While I'm happy that our performance 'looks' good, this major change has given us pause to question the statistical relevance of the data that is being collected and the somewhat arbitrary nature of performance metrics collection in general. And, of course, how we message all of this to upper management.
So I put it to you, Slashdot! Do you find performance metrics relevant to your customer experience? How do you manage expectations and change to upper management? And, most importantly perhaps, are organizations that collect this data still relevant on The Internet as it exists today?"
If it is you then: like all performance metrics, if the results are good then they matter - argue so. If the results are poor, then they are just statistics and you should point towards other, less numerical, measurements to justify your continued employment.
Of course, for these types of measurements to matter you have to be measuring the correct thing. If the website loads faster but the customer still can't find the needed information because the layout sucks, then clearly that is not a good measure of customer satisfaction. You have to correlate what you are measuring (website performance) with what you care about (customer satisfaction). Unless you can show how those are related then you are correct in your worry - the performance stats are useless.
If your upper managers aren't complete idiots, that should be clear enough to them, but YMMV...
What I'm listening to now on Pandora...
As you well know, it's pointless to compare apples to oranges, or in this case, the performance of your web site to other web sites in your industry.
When we collect performance metrics, we use that information to drive the next round of improvements. We look at bottlenecks, common areas of complaints, feature requests, load peaks, cache performance, etc etc with the goal of identifying the biggest bang for the buck.
Customer satisfaction is however an important aspect of your business model and knowing how your software system compares to others will give you a sense of perspective. For example, if your system responds ten times faster than your competitor, there's probably little point in making the system faster from a business perspective.
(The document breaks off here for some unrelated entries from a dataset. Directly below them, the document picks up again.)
lemma hc_cost_le_card_mult_vol:
  assumes g: "wgraph V w" and t: "hc_tree V t"
  shows "2 * hc_cost V w t \<le> card V * vol V w V"
proof -
  have pointwise: "w u v * lca_size t u v \<le> card V * w u v" if "u \<in> V" "v \<in> V" for u v
  proof -
    have "real (lca_size t u v) \<le> card V"
      using t lca_size_le_card_leaves[of t u v] by (simp add: hc_tree_def leaves_def)
    moreover have "0 \<le> w u v" using that g by (simp add: wgraph_def)
    ultimately show ?thesis
      by (metis mult.commute mult_right_mono)
  qed
  have "2 * hc_cost V w t = (\<Sum>(u, v)\<in>V \<times> V. w u v * lca_size t u v)"
    by (simp add: hc_cost_eq_sum_product)
  also have "\<dots> \<le> (\<Sum>(u, v)\<in>V \<times> V. card V * w u v)"
    by (intro sum_mono) (use pointwise in auto)
  also have "\<dots> = card V * vol V w V"
    by (simp add: vol_eq_sum_product sum_distrib_left case_prod_unfold)
  finally show ?thesis .
qed

lemma vol_le_hc_cost:
  assumes g: "wgraph V w" and t: "hc_tree V t"
  shows "vol V w V \<le> hc_cost V w t"
proof -
  have pointwise: "2 * w u v \<le> w u v * lca_size t u v" if "u \<in> V" "v \<in> V" for u v
  proof (cases "u = v")
    case False
    then have "2 \<le> real (lca_size t u v)"
      using t that lca_size_ge_2[of u t v] by (simp add: hc_tree_def leaves_def)
    moreover have "0 \<le> w u v" using that g by (simp add: wgraph_def)
    ultimately show ?thesis
      by (metis mult.commute mult_right_mono)
  qed (use that g in \<open>simp add: wgraph_def\<close>)
  have "2 * vol V w V = (\<Sum>(u, v)\<in>V \<times> V. 2 * w u v)"
    by (simp add: vol_eq_sum_product sum_distrib_left case_prod_unfold)
  also have "\<dots> \<le> (\<Sum>(u, v)\<in>V \<times> V. w u v * lca_size t u v)"
    by (intro sum_mono) (use pointwise in auto)
  also have "\<dots> = 2 * hc_cost V w t"
    by (simp add: hc_cost_eq_sum_product)
  finally show ?thesis by simp
qed
lemma bij_betw_mult_residue_class:
  assumes u0: "u0 \<in> U" and u: "u \<in> residue_class u0"
  shows "bij_betw (\<lambda>w. u * w) (residue_class 1) (residue_class u0)"
proof -
  have uU: "u \<in> U" using u residue_class_subset_units[OF u0] by blast
  have "u * w - u0 \<in> M" if "w - 1 \<in> M" for w
  proof -
    have e: "u * w - u0 = u * (w - 1) + (u - u0)" by (simp add: algebra_simps)
    show ?thesis unfolding e
      using that u by (intro add_in_max_ideal mult_in_max_ideal) (simp_all add: residue_class_def)
  qed
  moreover have "ring_inv u * v - 1 \<in> M" if "v - u0 \<in> M" for v
  proof -
    have "ring_inv u * v - 1 = ring_inv u * v - u * ring_inv u"
      using mult_ring_inv[OF uU] by simp
    also have "\<dots> = ring_inv u * ((v - u0) - (u - u0))" by (simp add: algebra_simps)
    finally have e: "ring_inv u * v - 1 = ring_inv u * ((v - u0) - (u - u0))" .
    show ?thesis unfolding e
      using that u by (intro mult_in_max_ideal diff_in_max_ideal[of "v - u0"]) (simp_all add: residue_class_def)
  qed
  moreover have "u * (ring_inv u * v) = v" "ring_inv u * (u * w) = w" for v w
    using mult_ring_inv[OF uU] by (simp_all add: mult.assoc[symmetric] mult.commute[of "ring_inv u" u])
  ultimately show ?thesis
    by (intro bij_betw_byWitness[where f' = "\<lambda>v. ring_inv u * v"]) (auto simp: residue_class_def)
qed

lemma ring_inv_residue_class:
  assumes u0: "u0 \<in> U" and u: "u \<in> residue_class u0"
  shows "ring_inv u - ring_inv u0 \<in> M"
proof -
  have uU: "u \<in> U" using u residue_class_subset_units[OF u0] by blast
  have "ring_inv u * ring_inv u0 * (- (u - u0))
      = ring_inv u * (u0 * ring_inv u0) - ring_inv u0 * (u * ring_inv u)"
    by (simp add: algebra_simps)
  also have "\<dots> = ring_inv u - ring_inv u0" using mult_ring_inv[OF u0] mult_ring_inv[OF uU] by simp
  finally have e: "ring_inv u - ring_inv u0 = ring_inv u * ring_inv u0 * (- (u - u0))" ..
  show ?thesis unfolding e
    using u by (intro mult_in_max_ideal uminus_in_max_ideal) (simp add: residue_class_def)
qed

lemma square_roots_add_max_ideal: "j \<in> M \<Longrightarrow> square_roots (a + j) = square_roots a"
proof -
  assume j: "j \<in> M"
  have "u * u - (a + j) \<in> M \<longleftrightarrow> u * u - a \<in> M" for u
  proof
    assume "u * u - (a + j) \<in> M"
    from add_in_max_ideal[OF this j] show "u * u - a \<in> M" by simp
  next
    assume "u * u - a \<in> M"
    from diff_in_max_ideal[OF this j] show "u * u - (a + j) \<in> M" by (simp add: algebra_simps)
  qed
  then show ?thesis unfolding square_roots_def by simp
qed

end

definition twist :: "'a::comm_ring_1 \<Rightarrow> 'a \<Rightarrow> 'a \<Rightarrow> 'a" where
  "twist a w x = x - a * ring_inv w * ring_inv x"

lemma twist_diff:
  assumes u: "u \<in> units_of_ring" and v: "v \<in> units_of_ring"
  shows "twist a w u - twist a w v = (u - v) * (1 + a * ring_inv w * ring_inv u * ring_inv v)"
proof -
  have "(u - v) * (1 + a * ring_inv w * ring_inv u * ring_inv v) =
     u - v + a * ring_inv w * ring_inv v * (u * ring_inv u) - a * ring_inv w * ring_inv u * (v * ring_inv v)"
    by (simp add: algebra_simps)
  also have "\<dots> = twist a w u - twist a w v"
    using mult_ring_inv[OF u] mult_ring_inv[OF v] unfolding twist_def by (simp add: algebra_simps)
  finally show ?thesis by simp
qed

lemma twist_phase:
  assumes u: "u \<in> units_of_ring" and w: "w \<in> units_of_ring"
  shows "(u + a * ring_inv u) - (u * w + a * ring_inv (u * w)) = (1 - w) * twist a w (u::'a::comm_ring_1)"
proof -
  have "(1 - w) * twist a w u = u - u * w - a * ring_inv w * ring_inv u + a * ring_inv u * (w * ring_inv w)"
    unfolding twist_def by (simp add: algebra_simps)
  also have "\<dots> = (u + a * ring_inv u) - (u * w + a * (ring_inv u * ring_inv w))"
    using mult_ring_inv[OF w] by (simp add: algebra_simps)
  finally show ?thesis using ring_inv_mult[OF u w] by simp
qed

locale odd_local_ring = finite_local_ring +
  assumes odd_residue_char: "odd (residue_char TYPE('a::{comm_ring_1,finite}))"
begin

lemma two_unit: "(2::'a) \<in> U"
  using two_in_units[OF odd_residue_char] .

lemma square_roots_eq_Un:
  assumes u0: "u0 \<in> U" and r: "u0 * u0 - a \<in> M"
  shows "square_roots a = residue_class u0 \<union> residue_class (- u0)"
proof (intro equalityI subsetI)
  fix u assume "u \<in> square_roots a"
  then have "(u * u - a) - (u0 * u0 - a) \<in> M"
    using diff_in_max_ideal r unfolding square_roots_def by blast
  moreover have "(u * u - a) - (u0 * u0 - a) = (u - u0) * (u - - u0)" by (simp add: algebra_simps)
  ultimately show "u \<in> residue_class u0 \<union> residue_class (- u0)"
    unfolding residue_class_def using mult_in_max_ideal_iff by auto
next
  fix u assume u: "u \<in> residue_class u0 \<union> residue_class (- u0)"
  then have "u \<in> U" using residue_class_subset_units u0 uminus_in_units by blast
  moreover have "(u - u0) * (u - - u0) \<in> M"
    using u unfolding residue_class_def by (auto simp: mult_in_max_ideal_iff)
  then have "(u - u0) * (u - - u0) + (u0 * u0 - a) \<in> M" using add_in_max_ideal r by blast
  then have "u * u - a \<in> M" by (simp add: algebra_simps)
  ultimately show "u \<in> square_roots a" unfolding square_roots_def by simp
qed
But since you asked for some specific examples, our most important "question" is, "do our customers find what they're looking for?" Towards that end, we look at how often certain pages get hit (such as help pages, search pages, site maps, the back button, hierarchial links etc) as well as surveys. Our userbase is so small (around 2,000 daily visitors) that we don't really care whether it takes 0.1 seconds to serve a page or 0.001 seconds.
So the real question is... what does your company consider to be a good performing website verses a bad performing one? That will determine how relevant the metrics you collect are.